If a line of the data below holds the string "assumes", copy it.

══════

lemma gabor_mult_eigenvalue:
  assumes "in_L2 g" "eigendecomp (gabor_mult g K L) lam h"
  shows "(\<Sum>l\<in>K \<inter> L. (cmod (STFT g (h j) l))\<^sup>2) = lam j"
proof -
  have "in_L2 (h j)"
    using assms(2) by (simp add: eigendecomp_def L2_onb_def)
  then have "complex_of_real (\<Sum>l\<in>K \<inter> L. (cmod (STFT g (h j) l))\<^sup>2)
      = L2_inner (gabor_mult g K L (h j)) (h j)"
    by (simp only: of_real_sum L2_inner_gabor_mult_self[OF assms(1)])
  also have "\<dots> = lam j"
    using eigendecomp_eigenvalue[OF assms(2) in_L2_gabor_mult[OF assms(1)]] .
  finally show ?thesis
    by (simp only: of_real_eq_iff)
qed

section \<open>The accumulated spectrogram\<close>

lemma has_sum_sum:
  fixes f :: "'i \<Rightarrow> 'a \<Rightarrow> 'b::topological_comm_monoid_add"
  assumes "finite I" "\<And>i. i \<in> I \<Longrightarrow> (f i has_sum s i) A"
  shows "((\<lambda>x. \<Sum>i\<in>I. f i x) has_sum (\<Sum>i\<in>I. s i)) A"
  using assms by (induction I rule: finite_induct) (simp_all add: has_sum_add)

lemma has_sum_abs_diff_indicator:
  fixes \<rho> :: "'a \<Rightarrow> real"
  assumes "(\<rho> has_sum s) L" "\<And>l. l \<in> L \<Longrightarrow> 0 \<le> \<rho> l" "\<And>l. l \<in> L \<Longrightarrow> \<rho> l \<le> 1"
    and "finite (S \<inter> L)"
  shows "((\<lambda>l. \<bar>\<rho> l - indicator S l\<bar>) has_sum (s + card (S \<inter> L) - 2 * (\<Sum>l\<in>S \<inter> L. \<rho> l))) L"
proof -
  have "((\<lambda>l. indicator S l * (1 - 2 * \<rho> l)) has_sum (\<Sum>l\<in>S \<inter> L. 1 - 2 * \<rho> l)) L"
    using assms(4) by (intro has_sum_finite_neutralI) (auto simp: indicator_def)
  with assms(1) have "((\<lambda>l. \<rho> l + indicator S l * (1 - 2 * \<rho> l))
      has_sum (s + (\<Sum>l\<in>S \<inter> L. 1 - 2 * \<rho> l))) L"
    by (rule has_sum_add)
  moreover have "s + (\<Sum>l\<in>S \<inter> L. 1 - 2 * \<rho> l) = s + card (S \<inter> L) - 2 * (\<Sum>l\<in>S \<inter> L. \<rho> l)"
    by (simp add: sum_subtractf sum_distrib_left)
  moreover have "\<bar>\<rho> l - indicator S l\<bar> = \<rho> l + indicator S l * (1 - 2 * \<rho> l)" if "l \<in> L" for l
    using assms(2,3)[OF that] by (simp add: indicator_def)
  then have "((\<lambda>l. \<bar>\<rho> l - indicator S l\<bar>) has_sum c) L \<longleftrightarrow>
      ((\<lambda>l. \<rho> l + indicator S l * (1 - 2 * \<rho> l)) has_sum c) L" for c
    by (rule has_sum_cong)
  ultimately show ?thesis
    by simp
qed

══════

ANSWER FOR THIS EXERCISE
  assumes "in_L2 g" "eigendecomp (gabor_mult g K L) lam h"
  assumes "finite I" "\<And>i. i \<in> I \<Longrightarrow> (f i has_sum s i) A"
  assumes "(\<rho> has_sum s) L" "\<And>l. l \<in> L \<Longrightarrow> 0 \<le> \<rho> l" "\<And>l. l \<in> L \<Longrightarrow> \<rho> l \<le> 1"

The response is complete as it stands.